I set my feet on the floor and pull myself back into my desk, grabbing the phone to connect with our lead graphic designer, ready to have their ass. “Send me the contact for the brand,now.”

“Are you sure you don’t wanna talk about your sex life first?” he tries, standing from the chair like a student being dismissed from the principal’s office.

“No sex talk for you today. Next time, lead with the bad shit so we can fix it first and then we can talk about my sex life,” I huff, waiting for the line to be picked up.

“Fine,” he grumbles, walking out of my office like a dog with its tail between its legs.

As he goes, and the line rings, my brain shoots back to my night with Malcolm and the strange tingly feeling I got in my stomach when Dale asked about him returns. I try to think about what the feeling is or where it comes from when a voice cuts through on the other end of the phone. “Hello?”

“What the hell do you think you’re doing pulling a stunt like that?” I bark into the phone.

4

MALCOLM

The following Wednesday I’m wiping down the counters at Butcher and Block—the bar and restaurant I’ve worked at for the last five years. Another connection from my sponsor, Marshall, that helped save me when I needed it most. He actually owns the bar and when he isn’t at the training center, he can be found here.
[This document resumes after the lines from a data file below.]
(* Fix one of the following settings, with $\phi,\sigma$ commuting $\mathbb{C}$-linear automorphisms of $K$: (2S) $K=\mathbb{C}(x)$, $\phi(x)=x+h_1$, $\sigma(x)=x+h_2$, $h_1/h_2\notin\mathbb{Q}$; (2Q) $K=\bigcup_{j\ge1}\mathbb{C}(x^{1/j})$, $\phi(x)=q_1x$, $\sigma(x)=q_2x$, with $q_1,q_2\in\mathbb{C}^*$ multiplicatively independent and not both algebraic numbers of modulus one all of whose Galois conjugates have modulus one; (2M) $K=\bigcup_{j\ge1}\mathbb{C}(x^{1/j})$, $\phi(x)=x^{p_1}$, $\sigma(x)=x^{p_2}$, $p_1,p_2$ multiplicatively independent natural numbers. Let $\tilde a\in K^*$, $\tilde b\in K$, and assume that there exists a $\sigma$-Picard–Vessiot extension $L_A$ over $K$ for $\phi(Y)=AY$ with $A=\begin{pmatrix}\tilde a&\tilde b\\0&1\end{pmatrix}$ which is a field. Let $L$ be a field with $K\subset L\subset L_A$ and $\phi(L)\subset L$, and let $x\in L_A^*$ be such that $\phi(x)/x=\alpha\in L^*$. If the equation $\phi(y)=\tilde ay+\tilde b$ has a solution in $L(x)$, then it has a solution in $L$.
   Context: For $A\in\mathrm{GL}_n(K)$, a $\sigma$-Picard–Vessiot extension for $\phi(Y)=AY$ over $K$ which is a field is a field extension $L_A$ of $K$ with commuting endomorphisms $\phi,\sigma$ extending those of $K$ such that there is $U\in\mathrm{GL}_n(L_A)$ with $\phi(U)=AU$, $L_A$ is generated as a field over $K$ by the entries of $\sigma^i(U)$, $i\ge0$, and $L_A^\phi=K^\phi=\mathbb{C}$. *)

theory Defs
  imports "HOL-Analysis.Analysis" "HOL-Computational_Algebra.Polynomial"
begin

definition field_endo :: "('a::field \<Rightarrow> 'a) \<Rightarrow> bool" where
  "field_endo f \<longleftrightarrow> f 1 = 1 \<and> (\<forall>a b. f (a + b) = f a + f b) \<and> (\<forall>a b. f (a * b) = f a * f b)"

definition complex_emb :: "(complex \<Rightarrow> 'a::field) \<Rightarrow> bool" where
  "complex_emb e \<longleftrightarrow> e 1 = 1 \<and> (\<forall>a b. e (a + b) = e a + e b) \<and> (\<forall>a b. e (a * b) = e a * e b)"

definition subfield :: "'a::field set \<Rightarrow> bool" where
  "subfield F \<longleftrightarrow> 0 \<in> F \<and> 1 \<in> F \<and> (\<forall>a\<in>F. \<forall>b\<in>F. a + b \<in> F \<and> a * b \<in> F)
     \<and> (\<forall>a\<in>F. - a \<in> F \<and> inverse a \<in> F)"

definition field_gen :: "'a::field set \<Rightarrow> 'a set \<Rightarrow> 'a set" where
  "field_gen S T = \<Inter>{F. subfield F \<and> S \<union> T \<subseteq> F}"

definition transc :: "(complex \<Rightarrow> 'a::field) \<Rightarrow> 'a \<Rightarrow> bool" where
  "transc e t \<longleftrightarrow> (\<forall>p::complex poly. p \<noteq> 0 \<longrightarrow> poly (map_poly e p) t \<noteq> 0)"

definition mult_indep :: "complex \<Rightarrow> complex \<Rightarrow> bool" where
  "mult_indep q1 q2 \<longleftrightarrow> (\<forall>m n :: int. q1 powi m * q2 powi n = 1 \<longrightarrow> m = 0 \<and> n = 0)"

(* c is a Galois conjugate of q over Q: a root of the minimal polynomial of q,
   i.e. a root of every rational polynomial vanishing at q *)
definition galois_conj :: "complex \<Rightarrow> complex \<Rightarrow> bool" where
  "galois_conj q c \<longleftrightarrow> (\<forall>p::complex poly. (\<forall>i. coeff p i \<in> \<rat>) \<longrightarrow> poly p q = 0 \<longrightarrow> poly p c = 0)"

definition unimod_alg :: "complex \<Rightarrow> bool" where
  "unimod_alg q \<longleftrightarrow> algebraic q \<and> cmod q = 1 \<and> (\<forall>c. galois_conj q c \<longrightarrow> cmod c = 1)"

definition base_auts :: "(complex \<Rightarrow> 'a::field) \<Rightarrow> ('a \<Rightarrow> 'a) \<Rightarrow> ('a \<Rightarrow> 'a) \<Rightarrow> 'a set \<Rightarrow> bool" where
  "base_auts e \<phi> \<sigma> K \<longleftrightarrow> \<phi> ` K = K \<and> \<sigma> ` K = K \<and> (\<forall>c. \<phi> (e c) = e c \<and> \<sigma> (e c) = e c)
     \<and> (\<forall>y\<in>K. \<phi> (\<sigma> y) = \<sigma> (\<phi> y))"

definition setting_2S :: "(complex \<Rightarrow> 'a::field) \<Rightarrow> ('a \<Rightarrow> 'a) \<Rightarrow> ('a \<Rightarrow> 'a) \<Rightarrow> 'a set \<Rightarrow> bool" where
  "setting_2S e \<phi> \<sigma> K \<longleftrightarrow> (\<exists>t h1 h2. transc e t \<and> K = field_gen (range e) {t}
     \<and> \<phi> t = t + e h1 \<and> \<sigma> t = t + e h2 \<and> h1 / h2 \<notin> \<rat>)"

(* K = union over j >= 1 of C(t^(1/j)): r j plays the role of t^(1/j),
   with compatible roots r(j*k)^k = r j and t = r 1 transcendental over C *)
definition puiseux_field :: "(complex \<Rightarrow> 'a::field) \<Rightarrow> (nat \<Rightarrow> 'a) \<Rightarrow> 'a set \<Rightarrow> bool" where
  "puiseux_field e r K \<longleftrightarrow> transc e (r 1) \<and> (\<forall>j\<ge>1. \<forall>k\<ge>1. r (j * k) ^ k = r j)
     \<and> K = field_gen (range e) (r ` {1..})"

definition setting_2Q :: "(complex \<Rightarrow> 'a::field) \<Rightarrow> ('a \<Rightarrow> 'a) \<Rightarrow> ('a \<Rightarrow> 'a) \<Rightarrow> 'a set \<Rightarrow> bool" where
  "setting_2Q e \<phi> \<sigma> K \<longleftrightarrow> (\<exists>r q1 q2. puiseux_field e r K
     \<and> \<phi> (r 1) = e q1 * r 1 \<and> \<sigma> (r 1) = e q2 * r 1
     \<and> q1 \<noteq> 0 \<and> q2 \<noteq> 0 \<and> mult_indep q1 q2 \<and> \<not> (unimod_alg q1 \<and> unimod_alg q2))"

definition setting_2M :: "(complex \<Rightarrow> 'a::field) \<Rightarrow> ('a \<Rightarrow> 'a) \<Rightarrow> ('a \<Rightarrow> 'a) \<Rightarrow> 'a set \<Rightarrow> bool" where
  "setting_2M e \<phi> \<sigma> K \<longleftrightarrow> (\<exists>r (p1::nat) (p2::nat). puiseux_field e r K
     \<and> \<phi> (r 1) = r 1 ^ p1 \<and> \<sigma> (r 1) = r 1 ^ p2
     \<and> mult_indep (of_nat p1) (of_nat p2))"

definition mat2 :: "'a::zero \<Rightarrow> 'a \<Rightarrow> 'a \<Rightarrow> 'a \<Rightarrow> 'a^2^2" where
  "mat2 a b c d = (\<chi> i j. if i = 1 then (if j = 1 then a else b) else (if j = 1 then c else d))"

definition map_mat :: "('a \<Rightarrow> 'a) \<Rightarrow> 'a^'n^'m \<Rightarrow> 'a^'n^'m" where
  "map_mat f M = (\<chi> i j. f (M $ i $ j))"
Butcher and Block, while unbeknownst to its patrons, is a space for healing and detoxing. I’ll never forget the first time he brought me here in his 1970’s Ford Mustang after an N.A. meeting we’d attended. I’d just been released from the rehab program I’d checked into—with the not so gentle push of my friends, I might add—and part of my terms of release were to attend weekly meetings. When I walked into the old gymnasium with metal fold out chairs sitting in a circle, I couldn’t feel more out of place. But Marshall walked right up to me, introduced himself, and took me under his wing. He and I bonded instantly and when he offered to be my sponsor, I didn’t say no. After months of feeling like I was slipping beneath the surface, drowning in my own self destruction, it was as if he had extended a hand to pull me out of the raging water.